I would be fine, we would be fine, everything would be fine,
I said, once this terrible disease was driven out of our lives. Everything
would be all right, just wait and see. Then we can worry about me. Not before.
There was no need for her to worry, I told her, no need to
discuss it. She was not dying. She was not going anywhere. There would never be
a time when I was without her. There would never be a time when I had to go to
bed alone, to wake alone, to live life alone.

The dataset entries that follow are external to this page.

theorem theorem2p2:
  fixes p a b c :: nat
    and \<omega> :: "'a::{finite,field}"
    and \<omega>0 :: "'b::{finite,field}"
  assumes "prime p" and "a > 0" and "b > 1" and "c > 0"
    and "primitive_divisor p a c"
    and "(p - 1) dvd c"
    and "primitive_divisor p (a * b) (b * c)"
    and "card (UNIV::'a set) = p ^ (a * b)" and "card (UNIV::'b set) = p ^ a"
    and "primitive_elem \<omega>" and "primitive_elem \<omega>0"
  shows "\<forall>w::nat.
    freq p (a * b) ((p ^ (a * b) - 1) div (b * c)) \<omega> w =
    (let u = (p ^ a - 1) div c;
         W0 = range (cweight p a u \<omega>0)
     in \<Sum>l \<in> {l \<in> PiE W0 (\<lambda>_. {0..b}). sum l W0 = b \<and> (\<Sum>v\<in>W0. l v * v) = w}.
          multinom b l W0 * (\<Prod>v\<in>W0. freq p a u \<omega>0 v ^ l v))"
proof -
  interpret lifted_code p a b c \<omega> \<omega>0
    using assms by unfold_locales auto
  show ?thesis
    using freq_eq_multinomial_sum unfolding k_def u_def Let_def by blast
qed

end
lemma derives_unique:
  assumes "single_valued R" and "derives R s w" and "derives R s w'"
  shows "w = w'"
  using assms(2,3)
proof (induction arbitrary: w')
  case (derives_Tm a)
  then show ?case by simp
next
  case (derives_NT A \<alpha> ws)
  from derives_NT.prems obtain \<beta> ws' where
    \<beta>: "(A, \<beta>) \<in> R" "list_all2 (derives R) \<beta> ws'" "w' = concat ws'"
    by (auto simp: derives_NT_iff)
  with derives_NT(1) assms(1) have "\<beta> = \<alpha>"
    by (auto dest: single_valuedD)
  with derives_NT(2) \<beta>(2) have "ws = ws'"
    by (auto simp: list_all2_conv_all_nth intro: nth_equalityI)
  with \<beta>(3) show ?case by simp
qed

lemma cfg_step_in_context:
  assumes "cfg_step G u v"
  shows "cfg_step G (l @ u @ r) (l @ v @ r)"
proof -
  from assms obtain l' A r' \<alpha> where "(A, \<alpha>) \<in> set G" "u = l' @ [NT A] @ r'" "v = l' @ \<alpha> @ r'"
    unfolding cfg_step_def by blast
  then show ?thesis
    unfolding cfg_step_def by (intro exI[of _ "l @ l'"] exI[of _ A] exI[of _ "r' @ r"] exI[of _ \<alpha>]) simp
qed

lemma cfg_steps_in_context:
  "(cfg_step G)\<^sup>*\<^sup>* u v \<Longrightarrow> (cfg_step G)\<^sup>*\<^sup>* (l @ u @ r) (l @ v @ r)"
  by (induction rule: rtranclp_induct) (auto intro: rtranclp.rtrancl_into_rtrancl cfg_step_in_context)

lemma cfg_steps_append:
  assumes "(cfg_step G)\<^sup>*\<^sup>* u u'" and "(cfg_step G)\<^sup>*\<^sup>* v v'"
  shows "(cfg_step G)\<^sup>*\<^sup>* (u @ v) (u' @ v')"
  using cfg_steps_in_context[OF assms(1), of "[]" v] cfg_steps_in_context[OF assms(2), of u' "[]"]
  by simp

lemma derives_imp_cfg_steps: "derives (set G) s w \<Longrightarrow> (cfg_step G)\<^sup>*\<^sup>* [s] (map Tm w)"
proof (induction rule: derives.induct)
  case (derives_Tm a)
  then show ?case by simp
next
  case (derives_NT A \<alpha> ws)
  have "cfg_step G [NT A] \<alpha>"
    using derives_NT(1) unfolding cfg_step_def by force
  moreover have "(cfg_step G)\<^sup>*\<^sup>* \<alpha> (map Tm (concat ws))"
    using derives_NT(2)
  proof (induction rule: list_all2_induct)
    case Nil
    then show ?case by simp
  next
    case (Cons s \<alpha> w ws)
    then show ?case
      using cfg_steps_append[of G "[s]" "map Tm w" \<alpha> "map Tm (concat ws)"] by simp
  qed
  ultimately show ?case by (rule converse_rtranclp_into_rtranclp)
qed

At least, that’s what I told myself. It’s called hope, and
it is the bedrock of the human spirit. It lives in all of us and it’s what
drives us on when times are tough.
If Diane thought I could calmly sit there and rationally,
logically, almost coldly, plan a life without her, she was wrong. I couldn’t
even imagine such an existence, a life without the woman with whom I had shared
the happiest 21 years of my life, so no, no, no. No need to discuss this
because we will be fine.
For her to be brave enough even to mention what would happen
if cancer took her life shows the kind of selfless person she was. And why she
was such an inspiration to me from the moment I first met her.
Then, in February 2013, cancer consumed her body and our
lives changed forever. But wait. Cancer didn’t win. It didn’t take her from me.

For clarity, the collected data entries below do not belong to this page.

(* Let $B_J\in\mathbb R^{n\times n}$ satisfy $B_J\ge O$ elementwise and $\rho(B_J)>0$, and let $\mathcal B=(B_1,\dots,B_d)$ be a splitting of $B_J$ of order $d\ge2$. Then: (a1) $\rho(B_J)<1\iff\rho(T(\mathcal B))<1$; (a2) $\rho(B_J)=1\iff\rho(T(\mathcal B))=1$; (a3) $\rho(B_J)>1\iff\rho(T(\mathcal B))>1$.
   Context: For $B\in\mathbb R^{n\times n}$, a splitting of $B$ of order $d\ge1$ is an ordered $d$-tuple $\mathcal B=(B_1,\dots,B_d)$ of real $n\times n$ matrices with $B_p\neq O$ for all $p$, $\sum_{p=1}^d B_p=B$, and $B_p\circ B_q=O$ (Hadamard product) for $p\ne q$. The iteration matrix of $\mathcal B$ is the $dn\times dn$ matrix $T(\mathcal B)=(I_{dn}-\mathcal L)^{-1}\mathcal U$, where $\mathcal L,\mathcal U$ are $d\times d$ block matrices with $n\times n$ blocks, $\mathcal L_{ij}=B_j$ if $i>j$ and $O$ otherwise, $\mathcal U_{ij}=B_j$ if $i\le j$ and $O$ otherwise. $\rho$ denotes spectral radius. *)

theory Defs
  imports "Jordan_Normal_Form.Spectral_Radius" "Jordan_Normal_Form.Gauss_Jordan_Elimination"
begin

definition hadamard_mat :: "real mat \<Rightarrow> real mat \<Rightarrow> real mat" where
  "hadamard_mat A C = mat (dim_row A) (dim_col A) (\<lambda>(i,j). A $$ (i,j) * C $$ (i,j))"

definition is_splitting :: "nat \<Rightarrow> real mat \<Rightarrow> real mat list \<Rightarrow> bool" where
  "is_splitting n B Bs \<longleftrightarrow>
     length Bs \<ge> 1 \<and>
     (\<forall>p < length Bs. Bs ! p \<in> carrier_mat n n \<and> Bs ! p \<noteq> 0\<^sub>m n n) \<and>
     mat n n (\<lambda>(i,j). \<Sum>p<length Bs. (Bs ! p) $$ (i,j)) = B \<and>
     (\<forall>p < length Bs. \<forall>q < length Bs. p \<noteq> q \<longrightarrow> hadamard_mat (Bs ! p) (Bs ! q) = 0\<^sub>m n n)"

(* block matrices: block (a,b) of size n x n sits at rows a*n.., columns b*n.. *)
definition split_L :: "nat \<Rightarrow> real mat list \<Rightarrow> real mat" where
  "split_L n Bs = mat (length Bs * n) (length Bs * n)
     (\<lambda>(i,j). if i div n > j div n then (Bs ! (j div n)) $$ (i mod n, j mod n) else 0)"

definition split_U :: "nat \<Rightarrow> real mat list \<Rightarrow> real mat" where
  "split_U n Bs = mat (length Bs * n) (length Bs * n)
     (\<lambda>(i,j). if i div n \<le> j div n then (Bs ! (j div n)) $$ (i mod n, j mod n) else 0)"

definition iteration_mat :: "nat \<Rightarrow> real mat list \<Rightarrow> real mat" where
  "iteration_mat n Bs = the (mat_inverse (1\<^sub>m (length Bs * n) - split_L n Bs)) * split_U n Bs"

definition rho :: "real mat \<Rightarrow> real" where
  "rho A = spectral_radius (map_mat complex_of_real A)"

end

theory Submission
  imports Defs
begin
lemma hoffman_defect_sum:
  "hoffman_defect (\<lambda>t. \<Sum>x\<in>A. f x * Z x t) s = (\<Sum>x\<in>A. f x * hoffman_defect (Z x) s)"
proof -
  have lhs: "hoffman_lhs (\<lambda>t. \<Sum>x\<in>A. f x * Z x t) s = (\<Sum>x\<in>A. f x * hoffman_lhs (Z x) s)"
    unfolding hoffman_lhs_def sum_distrib_left by (rule sum.swap)
  have "hoffman_rhs (\<lambda>t. \<Sum>x\<in>A. f x * Z x t) s = (\<Sum>k<length s. \<Sum>x\<in>A. \<Sum>j<s!k - 1.
          f x * Z x (take k s @ [s!k - j, j + 1] @ drop (Suc k) s))"
    unfolding hoffman_rhs_def by (intro sum.cong refl) (rule sum.swap)
  also have "\<dots> = (\<Sum>x\<in>A. f x * hoffman_rhs (Z x) s)"
    unfolding hoffman_rhs_def sum_distrib_left by (rule sum.swap)
  finally show ?thesis
    using lhs by (simp add: hoffman_defect_def sum_subtractf right_diff_distrib)
qed

lemma tendsto_hoffman_defect:
  "(\<And>t. (\<lambda>N. Z N t) \<longlonglongrightarrow> L t) \<Longrightarrow> (\<lambda>N. hoffman_defect (Z N) s) \<longlonglongrightarrow> hoffman_defect L s"
  unfolding hoffman_defect_def hoffman_lhs_def hoffman_rhs_def by (intro tendsto_intros)

context
  fixes q :: real
  assumes q_pos: "0 < q" and q_ne_1: "q \<noteq> 1"
begin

There hasn’t been a moment since then when we haven’t been together. Our
relationship is simply different now, but not less strong. She is still always
here. Just not in the way she used to be.
It was her idea for me to look up and not down, ahead and
not behind. She didn’t tell me this during those conversations about life without
her. Like I said, I couldn’t, wouldn’t sit and talk about losing her like that.
No, she told me later, after cancer thought it had won.
She told me in the unspoken way soul-mates instinctively
know what the other is thinking or wants. She didn’t tell me to go to the gym.
I just one day got the notion to. A notion she put there without me realising
at the time. From there she kept prompting me further.
Why else would I take up running after 40 years of not doing
a tap, decades of being the poster boy for couch potatoes everywhere? Why else
would I take up running when the furthest I ever ran was for a bus?
Not only that, but why, after years of being the least
driven and competitive person you could wish to meet, did I suddenly become
energised with some steely determination to do anything that people told me I
couldn’t
Because Diane wanted me to. She did it as her side of The
Promise. So she was the one who got me to the start line in Liverpool last week
and she was the one who held me tight as I crossed the finish line.
And she wants me to do it all over again. And soon. And more
besides. She hasn’t finished on her promise to me yet.
One special member of
the Running With Diane story
There are many people to whom I owe a great debt to for
getting me to that finish line. I’m not going to fall into the trap of naming
them all individually – partly because I might accidentally forget to include
someone and partly because there isn’t enough room on this computer’s memory to
list them all anyway.
But I cannot go without mentioning Bev Walker. She has asked
to stay in the background in all this, but I can’t allow that. She was the
person who got me round on the day in under five-and-a-half hours, that magical
target which was the Rotterdam cutoff time.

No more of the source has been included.